The equilibrium follows the reaction:

#SO_2(g) + NO_2(g) rightleftharpoons SO_3(g) + NO(g)#

And #K_"eq"=3.75=([SO_3(g)][NO(g)])/([SO_2(g)][NO_2(g)])#

And if #x*mol*L^-1# #SO_2# reacts.................

#K_"eq"=3.75=((0.680+x)(0.680+x))/((0.680-x)(0.680-x))#

#K_"eq"=3.75=(x^2+1.360x+0.462)/(x^2-1.360x+0.462)#

And so,

#3.75x^2-5.10x+1.73=x^2+1.360x+0.462#

And thus, #2.75x^2-6.46x+1.268=0#

This has roots at #x=2.13, or x=0.216# (I used the quadratic equation for this solution!)

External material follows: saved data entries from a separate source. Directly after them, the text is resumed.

(* Assume $r_0>-\infty$ and $\mathbb E[(\min\{t_1^+,\dots,t_{2d}^+\})^d]<\infty$. For $\diamond\in\{\text{none},o\}$ and $|\xi|_1=1$, the radial limit $g^\diamond(\xi)=\lim_{t\nearrow1}g^\diamond(t\xi)$ extends both shape functions to all of $\mathcal U$. The resulting functions $g:\mathcal U\to[r_0,\infty]$ and $g^o:\mathcal U\to[r_0\wedge0,\infty]$ are both convex and lower semicontinuous.
   Context: Let $d\ge2$. The edge weights $\{t(e)\}$ on the undirected nearest-neighbor edges of $\mathbb Z^d$ are i.i.d. real, and $t_i$ are i.i.d. copies with $t_i^+=t_i\vee 0$. Set $r_0=\operatorname{ess\,inf}t(e)$, $\mathcal U=\{\xi\in\mathbb R^d:|\xi|_1\le1\}$, and $\operatorname{int}\mathcal U=\{|\xi|_1<1\}$. For paths $(x_0,\dots,x_n)$ with steps in $\mathcal R=\{\pm e_i\}$ (respectively in $\mathcal R^o=\mathcal R\cup\{0\}$, where zero steps have weight $0$), let $G_{0,(n),x}$ (respectively $G^o_{0,(n),x}$) be the minimal passage time over such $n$-step paths from $0$ to $x$. Let $\mathcal D_n$ (respectively $\mathcal D^o_n$) be the set of points reachable by such $n$-step paths. Under the hypotheses, there are deterministic continuous convex functions $g,g^o$ on $\operatorname{int}\mathcal U$ (the restricted path-length shape functions, written $g^\diamond$ with $g^{\text{none}}=g$) such that almost surely, for all $\xi$, all $\alpha>|\xi|_1$ and all $k_n\to\infty$ with $k_n/n\to\alpha$, $x_n\in\mathcal D_{k_n}$, $y_n\in\mathcal D^o_{k_n}$, $x_n/n\to\xi$, $y_n/n\to\xi$: $$n^{-1}G_{0,(k_n),x_n}\to\alpha g(\xi/\alpha)\quad\text{and}\quad n^{-1}G^o_{0,(k_n),y_n}\to\alpha g^o(\xi/\alpha).$$ *)

theory Defs
  imports "HOL-Probability.Probability"
begin

text \<open>Lattice points of Z^d are vectors of type int^'n, d = CARD('n).
  The undirected nearest-neighbour edge {x, x + e_i} is indexed by the pair (x, i).\<close>

type_synonym 'n edge = "(int ^ 'n) \<times> 'n"

definition unitv :: "'n::finite \<Rightarrow> int ^ 'n" where
  "unitv i = (\<chi> j. if j = i then 1 else 0)"

text \<open>A step is an optional signed unit vector: Some (i, True) = +e_i, Some (i, False) = -e_i,
  None = the zero step.  R = range Some, R^o = UNIV.\<close>

type_synonym 'n step = "('n \<times> bool) option"

definition stepR :: "'n step set" where "stepR = range Some"
definition stepRo :: "'n step set" where "stepRo = UNIV"

fun stepv :: "'n::finite step \<Rightarrow> int ^ 'n" where
  "stepv None = 0"
| "stepv (Some (i, b)) = (if b then unitv i else - unitv i)"

fun stepw :: "('n edge \<Rightarrow> real) \<Rightarrow> int ^ 'n \<Rightarrow> 'n::finite step \<Rightarrow> real" where
  "stepw t x None = 0"
| "stepw t x (Some (i, b)) = (if b then t (x, i) else t (x - unitv i, i))"

fun endpt :: "int ^ 'n \<Rightarrow> 'n::finite step list \<Rightarrow> int ^ 'n" where
  "endpt x [] = x"
| "endpt x (s # ss) = endpt (x + stepv s) ss"

fun pathw :: "('n edge \<Rightarrow> real) \<Rightarrow> int ^ 'n \<Rightarrow> 'n::finite step list \<Rightarrow> real" where
  "pathw t x [] = 0"
| "pathw t x (s # ss) = stepw t x s + pathw t (x + stepv s) ss"

definition paths :: "'n::finite step set \<Rightarrow> nat \<Rightarrow> int ^ 'n \<Rightarrow> 'n step list set" where
  "paths S n x = {ss. length ss = n \<and> set ss \<subseteq> S \<and> endpt 0 ss = x}"

definition reach :: "'n::finite step set \<Rightarrow> nat \<Rightarrow> (int ^ 'n) set" where
  "reach S n = {x. paths S n x \<noteq> {}}"

definition Gpt :: "'n::finite step set \<Rightarrow> ('n edge \<Rightarrow> real) \<Rightarrow> nat \<Rightarrow> int ^ 'n \<Rightarrow> real" where
  "Gpt S t n x = Min (pathw t 0 ` paths S n x)"

definition l1norm :: "real ^ 'n::finite \<Rightarrow> real" where
  "l1norm \<xi> = (\<Sum>i\<in>UNIV. \<bar>\<xi> $ i\<bar>)"

definition toR :: "int ^ 'n::finite \<Rightarrow> real ^ 'n" where
  "toR x = (\<chi> i. real_of_int (x $ i))"

definition Uset :: "(real ^ 'n::finite) set" where
  "Uset = {\<xi>. l1norm \<xi> \<le> 1}"

definition intU :: "(real ^ 'n::finite) set" where
  "intU = {\<xi>. l1norm \<xi> < 1}"

text \<open>The 2d edges incident to the origin (the i.i.d. copies t_1,...,t_{2d}).\<close>
definition edges0 :: "'n::finite edge set" where
  "edges0 = (\<lambda>i. (0, i)) ` UNIV \<union> (\<lambda>i. (- unitv i, i)) ` UNIV"

definition is_shape_fn ::
  "'a measure \<Rightarrow> ('n::finite edge \<Rightarrow> 'a \<Rightarrow> real) \<Rightarrow> 'n step set \<Rightarrow> (real ^ 'n \<Rightarrow> real) \<Rightarrow> bool" where
  "is_shape_fn M T S g \<longleftrightarrow>
     (AE \<omega> in M. \<forall>\<xi> \<alpha> (k::nat \<Rightarrow> nat) (x::nat \<Rightarrow> int ^ 'n).
        \<alpha> > l1norm \<xi> \<and> filterlim k at_top sequentially
        \<and> (\<lambda>n. real (k n) / real n) \<longlonglongrightarrow> \<alpha>
        \<and> (\<forall>n. x n \<in> reach S (k n))
        \<and> (\<lambda>n. (1 / real n) *\<^sub>R toR (x n)) \<longlonglongrightarrow> \<xi>
        \<longrightarrow> (\<lambda>n. Gpt S (\<lambda>e. T e \<omega>) (k n) (x n) / real n) \<longlonglongrightarrow> \<alpha> * g ((1 / \<alpha>) *\<^sub>R \<xi>))"

definition ext_shape :: "(real ^ 'n::finite \<Rightarrow> real) \<Rightarrow> real ^ 'n \<Rightarrow> ereal" where
  "ext_shape g \<xi> = (if l1norm \<xi> < 1 then ereal (g \<xi>)
                    else Lim (at_left 1) (\<lambda>t. ereal (g (t *\<^sub>R \<xi>))))"

definition convex_ereal_on :: "(real ^ 'n::finite) set \<Rightarrow> (real ^ 'n \<Rightarrow> ereal) \<Rightarrow> bool" where
  "convex_ereal_on A f \<longleftrightarrow> (\<forall>x\<in>A. \<forall>y\<in>A. \<forall>a::real. 0 < a \<and> a < 1 \<longrightarrow>
      f ((1 - a) *\<^sub>R x + a *\<^sub>R y) \<le> ereal (1 - a) * f x + ereal a * f y)"

definition lsc_on :: "(real ^ 'n::finite) set \<Rightarrow> (real ^ 'n \<Rightarrow> ereal) \<Rightarrow> bool" where
  "lsc_on A f \<longleftrightarrow> (\<forall>x\<in>A. \<forall>c. c < f x \<longrightarrow> (\<forall>\<^sub>F y in at x within A. c < f y))"

end

theory Submission
  imports Defs
begin

(* Along a ray t \<mapsto> g (t \<xi>) the difference quotient (g (t \<xi>) - g 0) / t of a convex
   function is nondecreasing in t, so the radial limit at t = 1 exists and is > -\<infinity>.
   Convexity of the extension follows by passing to the limit along rays.  For lower
   semicontinuity at \<xi>, pick s < 1 with g (s \<xi>) > c; writing s \<xi> as a convex combination
   of a point z near \<xi> and a point near 0, where g is bounded, gives a lower bound for g (z)
   uniformly near \<xi>, which again passes to radial limits.
   The lower bounds come from the shape limit: every path with n steps has weight at least
   n r0 (resp. n min r0 0 when zero steps are allowed), and 2 \<xi> is approximated by doubled
   lattice points, which are reachable in exactly 2n steps. *)

section \<open>Convex functions on the open unit ball of the l1 norm\<close>

lemma l1norm_scaleR: "l1norm (c *\<^sub>R x) = \<bar>c\<bar> * l1norm x"
  by (simp add: l1norm_def abs_mult sum_distrib_left)

lemma l1norm_triangle: "l1norm (x + y) \<le> l1norm x + l1norm y"
  unfolding l1norm_def sum.distrib[symmetric] by (intro sum_mono) (simp add: abs_triangle_ineq)

lemma open_intU: "open intU"
  unfolding intU_def l1norm_def by (intro open_Collect_less continuous_intros)

lemma zero_in_intU: "0 \<in> intU"
  by (simp add: intU_def l1norm_def)

lemma scaleR_in_intU: "\<xi> \<in> Uset \<Longrightarrow> 0 \<le> t \<Longrightarrow> t < 1 \<Longrightarrow> t *\<^sub>R \<xi> \<in> intU"
  using mult_left_le[of "l1norm \<xi>" t] by (simp add: Uset_def intU_def l1norm_scaleR)

lemma convex_Uset: "convex Uset"
proof (rule convexI)
  fix x y :: "real ^ 'n" and a b :: real
  assume "x \<in> Uset" "y \<in> Uset" "0 \<le> a" "0 \<le> b" "a + b = 1"
  moreover have "l1norm (a *\<^sub>R x + b *\<^sub>R y) \<le> a * l1norm x + b * l1norm y"
    using l1norm_triangle[of "a *\<^sub>R x" "b *\<^sub>R y"] \<open>0 \<le> a\<close> \<open>0 \<le> b\<close>
    by (simp add: l1norm_scaleR)
  ultimately show "a *\<^sub>R x + b *\<^sub>R y \<in> Uset"
    unfolding Uset_def using mult_left_le[of "l1norm x" a] mult_left_le[of "l1norm y" b] by auto
qed

lemma convex_on_intU_slope_mono:
  assumes cvx: "convex_on intU g" and \<xi>: "\<xi> \<in> Uset" and st: "0 < s" "s < t" "t < 1"
  shows "(g (s *\<^sub>R \<xi>) - g 0) / s \<le> (g (t *\<^sub>R \<xi>) - g 0) / t"
proof -
  have "s *\<^sub>R \<xi> = (1 - s / t) *\<^sub>R 0 + (s / t) *\<^sub>R (t *\<^sub>R \<xi>)"
    using st by simp
  then have "g (s *\<^sub>R \<xi>) \<le> (1 - s / t) * g 0 + (s / t) * g (t *\<^sub>R \<xi>)"
    using st \<xi> by (metis convex_onD[OF cvx] zero_in_intU scaleR_in_intU
        divide_nonneg_pos divide_le_eq_1_pos less_eq_real_def order.strict_trans)
  then have "g (s *\<^sub>R \<xi>) - g 0 \<le> (s / t) * (g (t *\<^sub>R \<xi>) - g 0)"
    by (simp add: algebra_simps)
  then show ?thesis
    using st by (simp add: divide_simps mult.commute)
qed

lemma tendsto_at_left_SUP_mono_on:
  fixes f :: "real \<Rightarrow> real"
  assumes "a < b" and mono: "mono_on {a<..<b} f"
  shows "((\<lambda>t. ereal (f t)) \<longlongrightarrow> (SUP t\<in>{a<..<b}. ereal (f t))) (at_left b)"
proof (rule increasing_tendsto)
  have "\<forall>\<^sub>F t in at_left b. t \<in> {a<..<b}"
    using \<open>a < b\<close> by (intro eventually_at_left_real) simp
  then show "\<forall>\<^sub>F t in at_left b. ereal (f t) \<le> (SUP t\<in>{a<..<b}. ereal (f t))"
    by eventually_elim (rule SUP_upper)
next
  fix c assume "c < (SUP t\<in>{a<..<b}. ereal (f t))"
  then obtain s where s: "s \<in> {a<..<b}" "c < ereal (f s)"
    unfolding less_SUP_iff by blast
  then have "\<forall>\<^sub>F t in at_left b. t \<in> {s<..<b}"
    by (intro eventually_at_left_real) simp
  then show "\<forall>\<^sub>F t in at_left b. c < ereal (f t)"
  proof eventually_elim
    case (elim t)
    then have "f s \<le> f t"
      using s by (intro mono_onD[OF mono]) auto
    then show ?case
      using s(2) by (simp add: less_le_trans)
  qed
qed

Clearly, the lower value is the only solution consistent with the starting conditions. And thus at equilibrium:

#[SO_3(g)]=0.680+0.216=0.896*mol*L^-1#.

#[NO(g)]=0.680+0.216=0.896*mol*L^-1#.

#[SO_2(g)]=0.680-0.216=0.464*mol*L^-1#.

#[NO_2(g)]=0.680-0.216=0.464*mol*L^-1#.

Just as a check, I reput these calculated values back into the equilibrium expression:

#(0.896)^2/(0.464)^2~=3.75# as required........

Good question; I am stealing it for my A2 class...........Gee, they will howl; especially as some of them will use #x=2.13#.